Collected data:
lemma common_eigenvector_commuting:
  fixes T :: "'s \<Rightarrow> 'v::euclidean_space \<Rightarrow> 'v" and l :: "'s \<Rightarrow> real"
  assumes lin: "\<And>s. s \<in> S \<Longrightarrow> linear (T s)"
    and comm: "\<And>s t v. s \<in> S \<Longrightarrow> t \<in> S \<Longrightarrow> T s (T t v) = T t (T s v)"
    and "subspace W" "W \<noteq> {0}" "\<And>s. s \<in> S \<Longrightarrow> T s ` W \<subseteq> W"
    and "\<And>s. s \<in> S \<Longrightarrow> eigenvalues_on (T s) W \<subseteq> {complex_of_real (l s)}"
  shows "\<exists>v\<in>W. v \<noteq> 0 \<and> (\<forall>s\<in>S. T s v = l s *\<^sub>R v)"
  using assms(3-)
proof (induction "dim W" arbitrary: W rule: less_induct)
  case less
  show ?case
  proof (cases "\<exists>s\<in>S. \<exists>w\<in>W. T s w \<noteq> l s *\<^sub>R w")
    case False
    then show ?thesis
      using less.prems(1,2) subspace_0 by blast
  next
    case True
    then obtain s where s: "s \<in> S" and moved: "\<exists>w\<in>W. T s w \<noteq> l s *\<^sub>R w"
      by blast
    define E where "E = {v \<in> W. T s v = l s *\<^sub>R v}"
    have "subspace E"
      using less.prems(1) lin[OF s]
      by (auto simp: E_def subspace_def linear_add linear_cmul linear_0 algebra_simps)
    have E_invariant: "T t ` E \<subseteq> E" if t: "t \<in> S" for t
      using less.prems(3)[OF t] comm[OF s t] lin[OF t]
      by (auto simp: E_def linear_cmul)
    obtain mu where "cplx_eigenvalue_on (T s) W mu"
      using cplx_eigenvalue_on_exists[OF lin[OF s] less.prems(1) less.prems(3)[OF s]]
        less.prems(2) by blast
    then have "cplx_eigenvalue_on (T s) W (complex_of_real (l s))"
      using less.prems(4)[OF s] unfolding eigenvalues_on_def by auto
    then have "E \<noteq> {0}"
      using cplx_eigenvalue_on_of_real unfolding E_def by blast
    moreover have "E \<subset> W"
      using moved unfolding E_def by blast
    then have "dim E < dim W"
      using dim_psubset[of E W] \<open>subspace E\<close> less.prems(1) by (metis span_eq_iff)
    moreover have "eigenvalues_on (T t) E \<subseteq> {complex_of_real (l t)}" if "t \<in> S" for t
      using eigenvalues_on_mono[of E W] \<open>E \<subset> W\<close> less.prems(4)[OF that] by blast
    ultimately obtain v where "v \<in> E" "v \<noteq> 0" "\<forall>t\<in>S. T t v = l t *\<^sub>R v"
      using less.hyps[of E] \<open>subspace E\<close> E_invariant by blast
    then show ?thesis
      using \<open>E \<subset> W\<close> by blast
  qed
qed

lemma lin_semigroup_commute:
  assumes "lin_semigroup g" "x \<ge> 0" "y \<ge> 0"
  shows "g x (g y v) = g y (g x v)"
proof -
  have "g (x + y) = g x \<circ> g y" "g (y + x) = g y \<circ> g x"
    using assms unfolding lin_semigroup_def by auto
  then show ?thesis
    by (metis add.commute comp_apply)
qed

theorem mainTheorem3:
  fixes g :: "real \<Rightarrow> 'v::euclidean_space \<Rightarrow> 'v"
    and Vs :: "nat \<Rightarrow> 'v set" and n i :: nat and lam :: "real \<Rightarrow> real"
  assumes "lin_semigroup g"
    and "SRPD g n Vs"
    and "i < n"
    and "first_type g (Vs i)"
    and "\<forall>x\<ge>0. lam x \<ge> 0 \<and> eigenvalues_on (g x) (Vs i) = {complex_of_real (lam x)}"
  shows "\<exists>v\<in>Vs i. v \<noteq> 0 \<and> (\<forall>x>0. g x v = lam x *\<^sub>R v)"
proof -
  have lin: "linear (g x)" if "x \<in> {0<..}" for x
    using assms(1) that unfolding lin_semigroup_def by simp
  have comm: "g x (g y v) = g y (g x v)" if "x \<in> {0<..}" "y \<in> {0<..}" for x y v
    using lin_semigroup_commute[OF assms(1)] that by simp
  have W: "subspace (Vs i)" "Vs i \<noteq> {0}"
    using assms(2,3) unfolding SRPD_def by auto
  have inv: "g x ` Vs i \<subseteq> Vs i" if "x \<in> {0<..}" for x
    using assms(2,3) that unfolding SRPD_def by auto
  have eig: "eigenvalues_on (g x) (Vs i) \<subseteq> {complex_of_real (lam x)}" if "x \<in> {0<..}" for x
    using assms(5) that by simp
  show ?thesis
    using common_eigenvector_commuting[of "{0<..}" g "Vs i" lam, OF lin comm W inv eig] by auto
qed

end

AIM OF THE EXERCISE> Without omitting any record, transcribe the data exactly.

ANSWER TO THIS PROBLEM>
lemma common_eigenvector_commuting:
  fixes T :: "'s \<Rightarrow> 'v::euclidean_space \<Rightarrow> 'v" and l :: "'s \<Rightarrow> real"
  assumes lin: "\<And>s. s \<in> S \<Longrightarrow> linear (T s)"
    and comm: "\<And>s t v. s \<in> S \<Longrightarrow> t \<in> S \<Longrightarrow> T s (T t v) = T t (T s v)"
    and "subspace W" "W \<noteq> {0}" "\<And>s. s \<in> S \<Longrightarrow> T s ` W \<subseteq> W"
    and "\<And>s. s \<in> S \<Longrightarrow> eigenvalues_on (T s) W \<subseteq> {complex_of_real (l s)}"
  shows "\<exists>v\<in>W. v \<noteq> 0 \<and> (\<forall>s\<in>S. T s v = l s *\<^sub>R v)"
  using assms(3-)
proof (induction "dim W" arbitrary: W rule: less_induct)
  case less
  show ?case
  proof (cases "\<exists>s\<in>S. \<exists>w\<in>W. T s w \<noteq> l s *\<^sub>R w")
    case False
    then show ?thesis
      using less.prems(1,2) subspace_0 by blast
  next
    case True
    then obtain s where s: "s \<in> S" and moved: "\<exists>w\<in>W. T s w \<noteq> l s *\<^sub>R w"
      by blast
    define E where "E = {v \<in> W. T s v = l s *\<^sub>R v}"
    have "subspace E"
      using less.prems(1) lin[OF s]
      by (auto simp: E_def subspace_def linear_add linear_cmul linear_0 algebra_simps)
    have E_invariant: "T t ` E \<subseteq> E" if t: "t \<in> S" for t
      using less.prems(3)[OF t] comm[OF s t] lin[OF t]
      by (auto simp: E_def linear_cmul)
    obtain mu where "cplx_eigenvalue_on (T s) W mu"
      using cplx_eigenvalue_on_exists[OF lin[OF s] less.prems(1) less.prems(3)[OF s]]
        less.prems(2) by blast
    then have "cplx_eigenvalue_on (T s) W (complex_of_real (l s))"
      using less.prems(4)[OF s] unfolding eigenvalues_on_def by auto
    then have "E \<noteq> {0}"
      using cplx_eigenvalue_on_of_real unfolding E_def by blast
    moreover have "E \<subset> W"
      using moved unfolding E_def by blast
    then have "dim E < dim W"
      using dim_psubset[of E W] \<open>subspace E\<close> less.prems(1) by (metis span_eq_iff)
    moreover have "eigenvalues_on (T t) E \<subseteq> {complex_of_real (l t)}" if "t \<in> S" for t
      using eigenvalues_on_mono[of E W] \<open>E \<subset> W\<close> less.prems(4)[OF that] by blast
    ultimately obtain v where "v \<in> E" "v \<noteq> 0" "\<forall>t\<in>S. T t v = l t *\<^sub>R v"
      using less.hyps[of E] \<open>subspace E\<close> E_invariant by blast
    then show ?thesis
      using \<open>E \<subset> W\<close> by blast
  qed
qed

lemma lin_semigroup_commute:
  assumes "lin_semigroup g" "x \<ge> 0" "y \<ge> 0"
  shows "g x (g y v) = g y (g x v)"
proof -
  have "g (x + y) = g x \<circ> g y" "g (y + x) = g y \<circ> g x"
    using assms unfolding lin_semigroup_def by auto
  then show ?thesis
    by (metis add.commute comp_apply)
qed

theorem mainTheorem3:
  fixes g :: "real \<Rightarrow> 'v::euclidean_space \<Rightarrow> 'v"
    and Vs :: "nat \<Rightarrow> 'v set" and n i :: nat and lam :: "real \<Rightarrow> real"
  assumes "lin_semigroup g"
    and "SRPD g n Vs"
    and "i < n"
    and "first_type g (Vs i)"
    and "\<forall>x\<ge>0. lam x \<ge> 0 \<and> eigenvalues_on (g x) (Vs i) = {complex_of_real (lam x)}"
  shows "\<exists>v\<in>Vs i. v \<noteq> 0 \<and> (\<forall>x>0. g x v = lam x *\<^sub>R v)"
proof -
  have lin: "linear (g x)" if "x \<in> {0<..}" for x
    using assms(1) that unfolding lin_semigroup_def by simp
  have comm: "g x (g y v) = g y (g x v)" if "x \<in> {0<..}" "y \<in> {0<..}" for x y v
    using lin_semigroup_commute[OF assms(1)] that by simp
  have W: "subspace (Vs i)" "Vs i \<noteq> {0}"
    using assms(2,3) unfolding SRPD_def by auto
  have inv: "g x ` Vs i \<subseteq> Vs i" if "x \<in> {0<..}" for x
    using assms(2,3) that unfolding SRPD_def by auto
  have eig: "eigenvalues_on (g x) (Vs i) \<subseteq> {complex_of_real (lam x)}" if "x \<in> {0<..}" for x
    using assms(5) that by simp
  show ?thesis
    using common_eigenvector_commuting[of "{0<..}" g "Vs i" lam, OF lin comm W inv eig] by auto
qed

end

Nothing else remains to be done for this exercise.